Elle vit dans le quartier de l’Opéra, n’aime pas les boîtes, adore Tim Burton et Prison Break, a tout suivi des aventures de Harry Potter comme des héros de Six Feet Under. Elle ne résiste pas aux derniers gadgets numériques et sait parfaitement établir le juste inventaire des qualités et défauts respectifs aux univers Mac et PC grâce à son père, informaticien qui lui a tout appris des souris. Elle se déclare très corse, vote là-bas par devoir, ne revendique ni conviction ni engagement et avoue sans fard àLibération : «J’ai appris très tard ce qu’étaient la droite et la gauche.» Elle joue au golf en vrai, mais aussi en faux sur sa console Wii.

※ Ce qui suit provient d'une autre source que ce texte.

(* Let $\gamma:S^1\to\mathbb R^3$ be a smooth immersed closed curve and consider: $(\Gamma_1)$ each vertical plane meets $\gamma$ in at most two points (i.e. $|P\cap\gamma|\le2$); $(\Gamma_1')$ $P_{xy}|_\gamma$ is injective and $\bar\gamma=P_{xy}\circ\gamma$ is strictly convex; $(\Gamma_2)$ $\gamma$ satisfies a three-point condition with some constant $\Delta$; $(\Gamma_3)$ the slopes of all secant lines of $\gamma$ are bounded by some constant $\Delta$; $(\Gamma_4)$ the slopes of all tangent lines of $\gamma$ are bounded by some constant $\Delta$; $(\Gamma_4')$ $\gamma$ has no vertical tangent lines; $(\Gamma_5)$ the curvature $k$ of $\gamma$ is positive and the slopes of all osculating planes are bounded by some constant $\Delta$. Then: (a) $(\Gamma_1)\Leftrightarrow(\Gamma_1')$ and $(\Gamma_4)\Leftrightarrow(\Gamma_4')$; (b) $(\Gamma_2)\Rightarrow(\Gamma_3)\Rightarrow(\Gamma_4)$ with the same constant $\Delta$; (c) if $(\Gamma_1)$ holds, then $(\Gamma_4)\Rightarrow(\Gamma_3)$ (with possibly different $\Delta$); (d) if $(\Gamma_1)$ and $(\Gamma_5)$ hold, then $(\Gamma_3)\Rightarrow(\Gamma_2)$ (with possibly different $\Delta$).
   Context: $P_{xy}$ projects $\mathbb R^3$ onto the $xy$-plane; vertical means perpendicular to the $xy$-plane. An immersed planar curve is strictly convex if it meets every line in at most two points. The slope $S_L$ of a line $L$ is $\tan\Theta$ with $\Theta\in[0,\pi/2]$ the angle between $L$ and the $xy$-plane; the slope $S_P$ of a plane is $\tan$ of its dihedral angle with the $xy$-plane; vertical lines/planes have slope $+\infty$. A secant line of $\gamma$ is a line meeting $\gamma$ in at least two distinct points. For $k>0$, the osculating plane at $\gamma(u)$ is the plane through $\gamma(u)$ spanned by the unit tangent $T(u)$ and unit normal $N(u)$. $|P\cap\gamma|:=\#\{u\in S^1:\gamma(u)\in P\}$. $\gamma$ satisfies a three-point condition with constant $\Delta\in[0,\infty)$ if $S_P\le\Delta$ for every plane $P$ with $|P\cap\gamma|\ge3$. *)

theory Defs
  imports "HOL-Analysis.Analysis"
begin

text \<open>Curves gamma : S^1 -> R^3 are represented as 1-periodic maps real => real^3;
  S^1 is parametrised by the parameters u in {0..<1}.\<close>

fun vderiv_iter :: "nat \<Rightarrow> (real \<Rightarrow> real^3) \<Rightarrow> real \<Rightarrow> real^3" where
  "vderiv_iter 0 f = f"
| "vderiv_iter (Suc n) f = (\<lambda>t. vector_derivative (vderiv_iter n f) (at t))"

definition smooth_map :: "(real \<Rightarrow> real^3) \<Rightarrow> bool" where
  "smooth_map f \<longleftrightarrow> (\<forall>n t. vderiv_iter n f differentiable (at t))"

definition smooth_immersed_closed_curve :: "(real \<Rightarrow> real^3) \<Rightarrow> bool" where
  "smooth_immersed_closed_curve \<gamma> \<longleftrightarrow>
     smooth_map \<gamma> \<and> (\<forall>t. \<gamma> (t + 1) = \<gamma> t) \<and>
     (\<forall>t. vector_derivative \<gamma> (at t) \<noteq> 0)"

definition hits :: "(real \<Rightarrow> 'a) \<Rightarrow> 'a set \<Rightarrow> real set" where
  "hits \<gamma> P = {u \<in> {0..<1}. \<gamma> u \<in> P}"

definition npts :: "(real \<Rightarrow> 'a) \<Rightarrow> 'a set \<Rightarrow> enat" where
  "npts \<gamma> P = (if finite (hits \<gamma> P) then enat (card (hits \<gamma> P)) else \<infinity>)"

definition plane :: "real^3 \<Rightarrow> real \<Rightarrow> (real^3) set" where
  "plane n c = {p. n \<bullet> p = c}"

text \<open>A plane is vertical iff its normal is horizontal.\<close>
definition vertical_normal :: "real^3 \<Rightarrow> bool" where
  "vertical_normal n \<longleftrightarrow> n \<noteq> 0 \<and> n $ 3 = 0"

text \<open>Slope of the plane with normal n: tan of the dihedral angle with the xy-plane
  (the angle between n and the vertical axis); +infinity for vertical planes.\<close>
definition plane_slope :: "real^3 \<Rightarrow> ereal" where
  "plane_slope n = (if n $ 3 = 0 then \<infinity>
      else ereal (sqrt ((n $ 1)^2 + (n $ 2)^2) / \<bar>n $ 3\<bar>))"

text \<open>Slope of a line with direction v \<noteq> 0: tan of its angle with the xy-plane;
  +infinity for vertical lines.\<close>
definition line_slope :: "real^3 \<Rightarrow> ereal" where
  "line_slope v = (if v $ 1 = 0 \<and> v $ 2 = 0 then \<infinity>
      else ereal (\<bar>v $ 3\<bar> / sqrt ((v $ 1)^2 + (v $ 2)^2)))"

definition Pxy :: "real^3 \<Rightarrow> real^2" where
  "Pxy p = vector [p $ 1, p $ 2]"

text \<open>An immersed planar curve is strictly convex iff it meets every line in at most two points.\<close>
definition strictly_convex_planar :: "(real \<Rightarrow> real^2) \<Rightarrow> bool" where
  "strictly_convex_planar \<beta> \<longleftrightarrow>
     (\<forall>a c. a \<noteq> 0 \<longrightarrow> npts \<beta> {q. a \<bullet> q = c} \<le> 2)"

definition unit_tangent :: "(real \<Rightarrow> real^3) \<Rightarrow> real \<Rightarrow> real^3" where
  "unit_tangent \<gamma> u = vector_derivative \<gamma> (at u) /\<^sub>R norm (vector_derivative \<gamma> (at u))"

text \<open>Curvature k = |dT/ds|, with ds = |gamma'| du.\<close>
definition curvature :: "(real \<Rightarrow> real^3) \<Rightarrow> real \<Rightarrow> real" where
  "curvature \<gamma> u = norm (vector_derivative (unit_tangent \<gamma>) (at u))
                      / norm (vector_derivative \<gamma> (at u))"

definition unit_normal :: "(real \<Rightarrow> real^3) \<Rightarrow> real \<Rightarrow> real^3" where
  "unit_normal \<gamma> u = vector_derivative (unit_tangent \<gamma>) (at u)
                      /\<^sub>R norm (vector_derivative (unit_tangent \<gamma>) (at u))"

text \<open>Osculating plane at gamma(u): through gamma(u), spanned by T(u), N(u);
  its normal is T(u) x N(u).\<close>
definition osculating_normal :: "(real \<Rightarrow> real^3) \<Rightarrow> real \<Rightarrow> real^3" where
  "osculating_normal \<gamma> u = cross3 (unit_tangent \<gamma> u) (unit_normal \<gamma> u)"

definition Gamma1 :: "(real \<Rightarrow> real^3) \<Rightarrow> bool" where
  "Gamma1 \<gamma> \<longleftrightarrow> (\<forall>n c. vertical_normal n \<longrightarrow> npts \<gamma> (plane n c) \<le> 2)"

definition Gamma1' :: "(real \<Rightarrow> real^3) \<Rightarrow> bool" where
  "Gamma1' \<gamma> \<longleftrightarrow> inj_on (Pxy \<circ> \<gamma>) {0..<1} \<and> strictly_convex_planar (Pxy \<circ> \<gamma>)"

definition Gamma2 :: "(real \<Rightarrow> real^3) \<Rightarrow> real \<Rightarrow> bool" where
  "Gamma2 \<gamma> \<Delta> \<longleftrightarrow> (\<forall>n c. n \<noteq> 0 \<longrightarrow> npts \<gamma> (plane n c) \<ge> 3 \<longrightarrow> plane_slope n \<le> ereal \<Delta>)"

definition Gamma3 :: "(real \<Rightarrow> real^3) \<Rightarrow> real \<Rightarrow> bool" where
  "Gamma3 \<gamma> \<Delta> \<longleftrightarrow> (\<forall>u v. \<gamma> u \<noteq> \<gamma> v \<longrightarrow> line_slope (\<gamma> u - \<gamma> v) \<le> ereal \<Delta>)"

definition Gamma4 :: "(real \<Rightarrow> real^3) \<Rightarrow> real \<Rightarrow> bool" where
  "Gamma4 \<gamma> \<Delta> \<longleftrightarrow> (\<forall>u. line_slope (vector_derivative \<gamma> (at u)) \<le> ereal \<Delta>)"

definition Gamma4' :: "(real \<Rightarrow> real^3) \<Rightarrow> bool" where
  "Gamma4' \<gamma> \<longleftrightarrow> (\<forall>u. line_slope (vector_derivative \<gamma> (at u)) \<noteq> \<infinity>)"

definition Gamma5 :: "(real \<Rightarrow> real^3) \<Rightarrow> real \<Rightarrow> bool" where
  "Gamma5 \<gamma> \<Delta> \<longleftrightarrow> (\<forall>u. curvature \<gamma> u > 0) \<and>
     (\<forall>u. plane_slope (osculating_normal \<gamma> u) \<le> ereal \<Delta>)"

end

theory Submission
  imports Defs
begin

text \<open>
  Vertical planes are the
  preimages under Pxy of lines, whence \<Gamma>1 \<longleftrightarrow> \<Gamma>1'. A tangent has finite slope iff its
  horizontal part is non-zero, and then compactness of the circle bounds the slope. Secants
  lie in planes through three curve points and tangents are limits of secants, whence
  \<Gamma>2 \<Longrightarrow> \<Gamma>3 \<Longrightarrow> \<Gamma>4.

  For the converses, the secant through \<gamma>(s) and \<gamma>(s + h) has as direction the divided
  difference [s, s + h], which extends continuously to h = 0 by the tangent; the plane
  through \<gamma>(a), \<gamma>(b), \<gamma>(c) has the normal [a, b] \<times> [a, b, c] (first and second divided
  differences), which extends continuously to coinciding points by tangent-chord planes and
  osculating planes. On a compact parameter domain the slopes of these lines and planes are
  bounded as long as none of them is vertical. Vertical secants and vertical planes through
  three distinct points are excluded by \<Gamma>1, vertical osculating planes by \<Gamma>5, and a
  vertical tangent-chord plane, slightly tilted, would still meet the curve three times by
  the intermediate value theorem.
\<close>

section \<open>Horizontal projection and slopes\<close>

definition hnorm :: "real^3 \<Rightarrow> real" where
  "hnorm v = sqrt ((v$1)^2 + (v$2)^2)"

lemma hnorm_nonneg: "hnorm v \<ge> 0"
  by (simp add: hnorm_def)

lemma hnorm_eq_0_iff: "hnorm v = 0 \<longleftrightarrow> v$1 = 0 \<and> v$2 = 0"
  by (simp add: hnorm_def add_nonneg_eq_0_iff)

lemma hnorm_pos_iff: "hnorm v > 0 \<longleftrightarrow> hnorm v \<noteq> 0"
  using hnorm_nonneg[of v] by linarith

lemma hnorm_scaleR: "hnorm (c *\<^sub>R v) = \<bar>c\<bar> * hnorm v"
proof -
  have "(c * v$1)^2 + (c * v$2)^2 = c^2 * ((v$1)^2 + (v$2)^2)"
    by (simp add: power2_eq_square algebra_simps)
  then show ?thesis by (simp add: hnorm_def real_sqrt_mult)
qed

lemma inner_vec3: "(v::real^3) \<bullet> w = v$1 * w$1 + v$2 * w$2 + v$3 * w$3"
  by (simp add: inner_vec_def sum_3)

lemma vec3_eq_0_iff: "(v::real^3) = 0 \<longleftrightarrow> hnorm v = 0 \<and> v$3 = 0"
  by (auto simp: hnorm_eq_0_iff vec_eq_iff forall_3)

lemma Pxy_eq_iff: "Pxy p = Pxy q \<longleftrightarrow> hnorm (p - q) = 0"
  by (simp add: Pxy_def hnorm_eq_0_iff vec_eq_iff forall_2)

lemma Pxy_eq_0_iff: "Pxy n = 0 \<longleftrightarrow> n$1 = 0 \<and> n$2 = 0"
  by (simp add: Pxy_def vec_eq_iff forall_2)

lemma npts_vertical_plane:
  assumes "n$3 = 0"
  shows "npts \<gamma> (plane n c) = npts (Pxy \<circ> \<gamma>) {q. Pxy n \<bullet> q = c}"
proof -
  have "hits \<gamma> (plane n c) = hits (Pxy \<circ> \<gamma>) {q. Pxy n \<bullet> q = c}"
    using assms by (simp add: hits_def plane_def Pxy_def inner_vec3 inner_vec_def sum_2)
  then show ?thesis by (simp add: npts_def)
qed

lemma line_slope_le_iff:
  "line_slope v \<le> ereal \<Delta> \<longleftrightarrow> hnorm v \<noteq> 0 \<and> \<bar>v$3\<bar> \<le> \<Delta> * hnorm v"
proof (cases "hnorm v = 0")
  case False
  then have "hnorm v > 0" by (simp add: hnorm_pos_iff)
  then show ?thesis
    by (auto simp: line_slope_def hnorm_def[symmetric] hnorm_eq_0_iff pos_divide_le_eq)
qed (simp add: line_slope_def hnorm_eq_0_iff)

lemma plane_slope_le_iff:
  "plane_slope n \<le> ereal \<Delta> \<longleftrightarrow> n$3 \<noteq> 0 \<and> hnorm n \<le> \<Delta> * \<bar>n$3\<bar>"
  by (simp add: plane_slope_def hnorm_def[symmetric] pos_divide_le_eq)

lemma line_slope_uminus [simp]: "line_slope (- v) = line_slope v"
  by (simp add: line_slope_def)

lemma line_slope_hnorm:
  "line_slope v = (if hnorm v = 0 then \<infinity> else ereal (\<bar>v$3\<bar> / hnorm v))"
  unfolding line_slope_def hnorm_eq_0_iff by (simp add: hnorm_def)

lemma line_slope_scaleR: "c \<noteq> 0 \<Longrightarrow> line_slope (c *\<^sub>R v) = line_slope v"
  by (simp add: line_slope_hnorm hnorm_scaleR abs_mult)

lemma plane_slope_scaleR: "c \<noteq> 0 \<Longrightarrow> plane_slope (c *\<^sub>R n) = plane_slope n"
  unfolding plane_slope_def hnorm_def[symmetric] by (simp add: hnorm_scaleR abs_mult)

Elle voue un culte à Madonna depuis toujours, adore la mode, admire Karl Lagerfeld et Marc Jacobs, mais juge la maison Hermès «au-dessus de tout».
«Je me suis longtemps laissé porter, et j’ai bien fait. Aujourd’hui, je suis une autre, même si je n’ai sans doute pas fini de grandir : cette juvénilité ne me dérange pas.» Pensant déjà au prochain album, elle s’inquiète : «Je ne peux pas dire mieux de moi que ces onze morceaux qui composent Psychédélices. Ce sera dur, à l’avenir, de me ressembler autant.» Oui, mais pour le prochain, chère Alizée, c’est sans doute celle que vous serez qui, ayant encore grandi, mûri, vieilli, ne vous ressemblera pas.